What you have to do: Nothing may be dropped or added when the entries below are copied.

(Beginning of Data records)

(* Let $M$ be a compact metric space, $C\subset M$ a subset, and $f\colon C\to M$ a surjective $1$-Lipschitz map. Then $M$ is the closure of $C$. *)

theory Defs
  imports "HOL-Analysis.Analysis"
begin

end

theory Submission
  imports Defs
begin

text \<open>
  Suppose some p \<in> M lies at distance at least d > 0 from C. By compactness, the d-separated
  subsets of M have bounded cardinality, so there is one, S, of maximal cardinality. Choosing a
  preimage in C of each point of S gives a set of the same cardinality which is still
  d-separated, since f does not increase distances; adding p to it yields a larger d-separated
  subset of M, a contradiction.
\<close>

definition separated :: "real \<Rightarrow> 'a::metric_space set \<Rightarrow> bool" where
  "separated e S \<longleftrightarrow> (\<forall>x\<in>S. \<forall>y\<in>S. x \<noteq> y \<longrightarrow> e \<le> dist x y)"

lemma separated_insert:
  "separated e (insert p S) \<longleftrightarrow> separated e S \<and> (\<forall>x\<in>S. x \<noteq> p \<longrightarrow> e \<le> dist p x)"
  unfolding separated_def by (auto simp: dist_commute)

lemma separated_nonexpansive_preimage:
  assumes "separated e (f ` T)" "inj_on f T"
    and "\<And>x y. x \<in> T \<Longrightarrow> y \<in> T \<Longrightarrow> dist (f x) (f y) \<le> dist x y"
  shows "separated e T"
  unfolding separated_def
proof (intro ballI impI)
  fix x y assume xy: "x \<in> T" "y \<in> T" "x \<noteq> y"
  then have "e \<le> dist (f x) (f y)"
    using assms(1,2) unfolding separated_def inj_on_def by blast
  also have "\<dots> \<le> dist x y" using assms(3) xy(1,2) .
  finally show "e \<le> dist x y" .
qed

text \<open>Each ball of radius e/2 around a point of the net K contains at most one point of S.\<close>

lemma separated_card_le_net:
  assumes "e > 0" "separated e S" "finite K" "S \<subseteq> (\<Union>x\<in>K. ball x (e/2))"
  shows "finite S" "card S \<le> card K"
proof -
  have "\<forall>s\<in>S. \<exists>k\<in>K. s \<in> ball k (e/2)"
    using assms(4) by blast
  then obtain centre where "\<forall>s\<in>S. centre s \<in> K \<and> s \<in> ball (centre s) (e/2)"
    by (metis bchoice)
  then have centre: "centre s \<in> K" "dist (centre s) s < e/2" if "s \<in> S" for s
    using that unfolding mem_ball by auto
  have inj: "inj_on centre S"
  proof (rule inj_onI, rule ccontr)
    fix x y assume xy: "x \<in> S" "y \<in> S" "centre x = centre y" "x \<noteq> y"
    have "dist x y \<le> dist (centre x) x + dist (centre y) y"
      using dist_triangle3[of x y "centre x"] xy(3) by (simp add: dist_commute)
    also have "\<dots> < e" using centre(2)[OF xy(1)] centre(2)[OF xy(2)] by linarith
    finally show False using assms(2) xy unfolding separated_def by force
  qed
  have image: "centre ` S \<subseteq> K" using centre(1) by blast
  show "finite S" using finite_imageD[OF finite_subset[OF image assms(3)] inj] .
  show "card S \<le> card K" using card_inj_on_le[OF inj image assms(3)] .
qed

lemma compact_obtains_max_card_separated:
  fixes M :: "'a::metric_space set"
  assumes "compact M" "e > 0"
  obtains S where "S \<subseteq> M" "separated e S" "finite S"
    "\<And>T. T \<subseteq> M \<Longrightarrow> separated e T \<Longrightarrow> card T \<le> card S"
proof -
  obtain K where K: "finite K" "M \<subseteq> (\<Union>x\<in>K. ball x (e/2))"
    using seq_compact_imp_totally_bounded[OF compact_imp_seq_compact[OF assms(1)]] assms(2)
    by (meson half_gt_zero)
  have bound: "finite T \<and> card T < Suc (card K)" if "T \<subseteq> M" "separated e T" for T
    using separated_card_le_net[OF assms(2) that(2) K(1)] that(1) K(2)
    by (meson le_imp_less_Suc subset_trans)
  have "separated e {}" unfolding separated_def by simp
  then obtain S where S: "S \<subseteq> M \<and> separated e S"
    and maximal: "\<forall>T. T \<subseteq> M \<and> separated e T \<longrightarrow> card T \<le> card S"
    using ex_has_greatest_nat[of "\<lambda>T. T \<subseteq> M \<and> separated e T" "{}" card "Suc (card K)"]
      bound by blast
  show ?thesis
    by (rule that[of S]) (use S maximal bound[of S] in auto)
qed

lemma nonexpansive_onto_obtains_separated_lift:
  assumes "S \<subseteq> f ` C" "separated e S" "finite S"
    and "\<And>x y. x \<in> C \<Longrightarrow> y \<in> C \<Longrightarrow> dist (f x) (f y) \<le> dist x y"
  obtains T where "T \<subseteq> C" "separated e T" "finite T" "card T = card S"
proof -
  define T where "T = inv_into C f ` S"
  have right_inverse: "f (inv_into C f s) = s" if "s \<in> S" for s
    using assms(1) that by (meson f_inv_into_f subsetD)
  have image: "f ` T = S" unfolding T_def using right_inverse by force
  have inj: "inj_on f T" unfolding T_def inj_on_def using right_inverse by auto
  have "T \<subseteq> C" unfolding T_def using assms(1) by (auto intro: inv_into_into)
  show ?thesis
  proof (rule that)
    show "T \<subseteq> C" by fact
    show "separated e T"
    proof (rule separated_nonexpansive_preimage[OF _ inj])
      show "separated e (f ` T)" using image assms(2) by simp
      show "dist (f x) (f y) \<le> dist x y" if "x \<in> T" "y \<in> T" for x y
        using assms(4) that \<open>T \<subseteq> C\<close> by blast
    qed
    show "finite T" unfolding T_def using assms(3) by simp
    show "card T = card S" using card_image[OF inj] image by simp
  qed
qed

theorem mainTheorem12:
  fixes M C :: "'a::metric_space set" and f :: "'a \<Rightarrow> 'a"
  assumes "compact M"
    and "C \<subseteq> M"
    and "f ` C = M"
    and "\<And>x y. x \<in> C \<Longrightarrow> y \<in> C \<Longrightarrow> dist (f x) (f y) \<le> dist x y"
  shows "closure C = M"
proof (rule ccontr)
  assume "closure C \<noteq> M"
  moreover have "closure C \<subseteq> M"
    using assms(1,2) by (simp add: closure_minimal compact_imp_closed)
  ultimately obtain p where p: "p \<in> M" "p \<notin> closure C" by blast
  then obtain d where "d > 0" and "\<forall>c\<in>C. \<not> dist c p < d"
    unfolding closure_approachable by blast
  then have far: "d \<le> dist p c" if "c \<in> C" for c
    using that by (simp add: dist_commute not_less)
  obtain S where S: "S \<subseteq> M" "separated d S" "finite S"
    and maximal: "\<And>T. T \<subseteq> M \<Longrightarrow> separated d T \<Longrightarrow> card T \<le> card S"
    using compact_obtains_max_card_separated[OF assms(1) \<open>d > 0\<close>] by blast
  obtain T where T: "T \<subseteq> C" "separated d T" "finite T" "card T = card S"
    using nonexpansive_onto_obtains_separated_lift[of S f C d] S assms(3,4) by blast
  have "p \<notin> T" using T(1) far[of p] \<open>d > 0\<close> by auto
  then have "card (insert p T) = Suc (card S)" using T(3,4) by simp
  moreover have "card (insert p T) \<le> card S"
  proof (rule maximal)
    show "insert p T \<subseteq> M" using p(1) T(1) assms(2) by blast
    show "separated d (insert p T)" unfolding separated_insert using T(1,2) far by blast
  qed
  ultimately show False by simp
qed

end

(End of Data records)

Answer area:
(* Let $M$ be a compact metric space, $C\subset M$ a subset, and $f\colon C\to M$ a surjective $1$-Lipschitz map. Then $M$ is the closure of $C$. *)

theory Defs
  imports "HOL-Analysis.Analysis"
begin

end

theory Submission
  imports Defs
begin

text \<open>
  Suppose some p \<in> M lies at distance at least d > 0 from C. By compactness, the d-separated
  subsets of M have bounded cardinality, so there is one, S, of maximal cardinality. Choosing a
  preimage in C of each point of S gives a set of the same cardinality which is still
  d-separated, since f does not increase distances; adding p to it yields a larger d-separated
  subset of M, a contradiction.
\<close>

definition separated :: "real \<Rightarrow> 'a::metric_space set \<Rightarrow> bool" where
  "separated e S \<longleftrightarrow> (\<forall>x\<in>S. \<forall>y\<in>S. x \<noteq> y \<longrightarrow> e \<le> dist x y)"

lemma separated_insert:
  "separated e (insert p S) \<longleftrightarrow> separated e S \<and> (\<forall>x\<in>S. x \<noteq> p \<longrightarrow> e \<le> dist p x)"
  unfolding separated_def by (auto simp: dist_commute)

lemma separated_nonexpansive_preimage:
  assumes "separated e (f ` T)" "inj_on f T"
    and "\<And>x y. x \<in> T \<Longrightarrow> y \<in> T \<Longrightarrow> dist (f x) (f y) \<le> dist x y"
  shows "separated e T"
  unfolding separated_def
proof (intro ballI impI)
  fix x y assume xy: "x \<in> T" "y \<in> T" "x \<noteq> y"
  then have "e \<le> dist (f x) (f y)"
    using assms(1,2) unfolding separated_def inj_on_def by blast
  also have "\<dots> \<le> dist x y" using assms(3) xy(1,2) .
  finally show "e \<le> dist x y" .
qed

text \<open>Each ball of radius e/2 around a point of the net K contains at most one point of S.\<close>

lemma separated_card_le_net:
  assumes "e > 0" "separated e S" "finite K" "S \<subseteq> (\<Union>x\<in>K. ball x (e/2))"
  shows "finite S" "card S \<le> card K"
proof -
  have "\<forall>s\<in>S. \<exists>k\<in>K. s \<in> ball k (e/2)"
    using assms(4) by blast
  then obtain centre where "\<forall>s\<in>S. centre s \<in> K \<and> s \<in> ball (centre s) (e/2)"
    by (metis bchoice)
  then have centre: "centre s \<in> K" "dist (centre s) s < e/2" if "s \<in> S" for s
    using that unfolding mem_ball by auto
  have inj: "inj_on centre S"
  proof (rule inj_onI, rule ccontr)
    fix x y assume xy: "x \<in> S" "y \<in> S" "centre x = centre y" "x \<noteq> y"
    have "dist x y \<le> dist (centre x) x + dist (centre y) y"
      using dist_triangle3[of x y "centre x"] xy(3) by (simp add: dist_commute)
    also have "\<dots> < e" using centre(2)[OF xy(1)] centre(2)[OF xy(2)] by linarith
    finally show False using assms(2) xy unfolding separated_def by force
  qed
  have image: "centre ` S \<subseteq> K" using centre(1) by blast
  show "finite S" using finite_imageD[OF finite_subset[OF image assms(3)] inj] .
  show "card S \<le> card K" using card_inj_on_le[OF inj image assms(3)] .
qed

lemma compact_obtains_max_card_separated:
  fixes M :: "'a::metric_space set"
  assumes "compact M" "e > 0"
  obtains S where "S \<subseteq> M" "separated e S" "finite S"
    "\<And>T. T \<subseteq> M \<Longrightarrow> separated e T \<Longrightarrow> card T \<le> card S"
proof -
  obtain K where K: "finite K" "M \<subseteq> (\<Union>x\<in>K. ball x (e/2))"
    using seq_compact_imp_totally_bounded[OF compact_imp_seq_compact[OF assms(1)]] assms(2)
    by (meson half_gt_zero)
  have bound: "finite T \<and> card T < Suc (card K)" if "T \<subseteq> M" "separated e T" for T
    using separated_card_le_net[OF assms(2) that(2) K(1)] that(1) K(2)
    by (meson le_imp_less_Suc subset_trans)
  have "separated e {}" unfolding separated_def by simp
  then obtain S where S: "S \<subseteq> M \<and> separated e S"
    and maximal: "\<forall>T. T \<subseteq> M \<and> separated e T \<longrightarrow> card T \<le> card S"
    using ex_has_greatest_nat[of "\<lambda>T. T \<subseteq> M \<and> separated e T" "{}" card "Suc (card K)"]
      bound by blast
  show ?thesis
    by (rule that[of S]) (use S maximal bound[of S] in auto)
qed

lemma nonexpansive_onto_obtains_separated_lift:
  assumes "S \<subseteq> f ` C" "separated e S" "finite S"
    and "\<And>x y. x \<in> C \<Longrightarrow> y \<in> C \<Longrightarrow> dist (f x) (f y) \<le> dist x y"
  obtains T where "T \<subseteq> C" "separated e T" "finite T" "card T = card S"
proof -
  define T where "T = inv_into C f ` S"
  have right_inverse: "f (inv_into C f s) = s" if "s \<in> S" for s
    using assms(1) that by (meson f_inv_into_f subsetD)
  have image: "f ` T = S" unfolding T_def using right_inverse by force
  have inj: "inj_on f T" unfolding T_def inj_on_def using right_inverse by auto
  have "T \<subseteq> C" unfolding T_def using assms(1) by (auto intro: inv_into_into)
  show ?thesis
  proof (rule that)
    show "T \<subseteq> C" by fact
    show "separated e T"
    proof (rule separated_nonexpansive_preimage[OF _ inj])
      show "separated e (f ` T)" using image assms(2) by simp
      show "dist (f x) (f y) \<le> dist x y" if "x \<in> T" "y \<in> T" for x y
        using assms(4) that \<open>T \<subseteq> C\<close> by blast
    qed
    show "finite T" unfolding T_def using assms(3) by simp
    show "card T = card S" using card_image[OF inj] image by simp
  qed
qed

theorem mainTheorem12:
  fixes M C :: "'a::metric_space set" and f :: "'a \<Rightarrow> 'a"
  assumes "compact M"
    and "C \<subseteq> M"
    and "f ` C = M"
    and "\<And>x y. x \<in> C \<Longrightarrow> y \<in> C \<Longrightarrow> dist (f x) (f y) \<le> dist x y"
  shows "closure C = M"
proof (rule ccontr)
  assume "closure C \<noteq> M"
  moreover have "closure C \<subseteq> M"
    using assms(1,2) by (simp add: closure_minimal compact_imp_closed)
  ultimately obtain p where p: "p \<in> M" "p \<notin> closure C" by blast
  then obtain d where "d > 0" and "\<forall>c\<in>C. \<not> dist c p < d"
    unfolding closure_approachable by blast
  then have far: "d \<le> dist p c" if "c \<in> C" for c
    using that by (simp add: dist_commute not_less)
  obtain S where S: "S \<subseteq> M" "separated d S" "finite S"
    and maximal: "\<And>T. T \<subseteq> M \<Longrightarrow> separated d T \<Longrightarrow> card T \<le> card S"
    using compact_obtains_max_card_separated[OF assms(1) \<open>d > 0\<close>] by blast
  obtain T where T: "T \<subseteq> C" "separated d T" "finite T" "card T = card S"
    using nonexpansive_onto_obtains_separated_lift[of S f C d] S assms(3,4) by blast
  have "p \<notin> T" using T(1) far[of p] \<open>d > 0\<close> by auto
  then have "card (insert p T) = Suc (card S)" using T(3,4) by simp
  moreover have "card (insert p T) \<le> card S"
  proof (rule maximal)
    show "insert p T \<subseteq> M" using p(1) T(1) assms(2) by blast
    show "separated d (insert p T)" unfolding separated_insert using T(1,2) far by blast
  qed
  ultimately show False by simp
qed

end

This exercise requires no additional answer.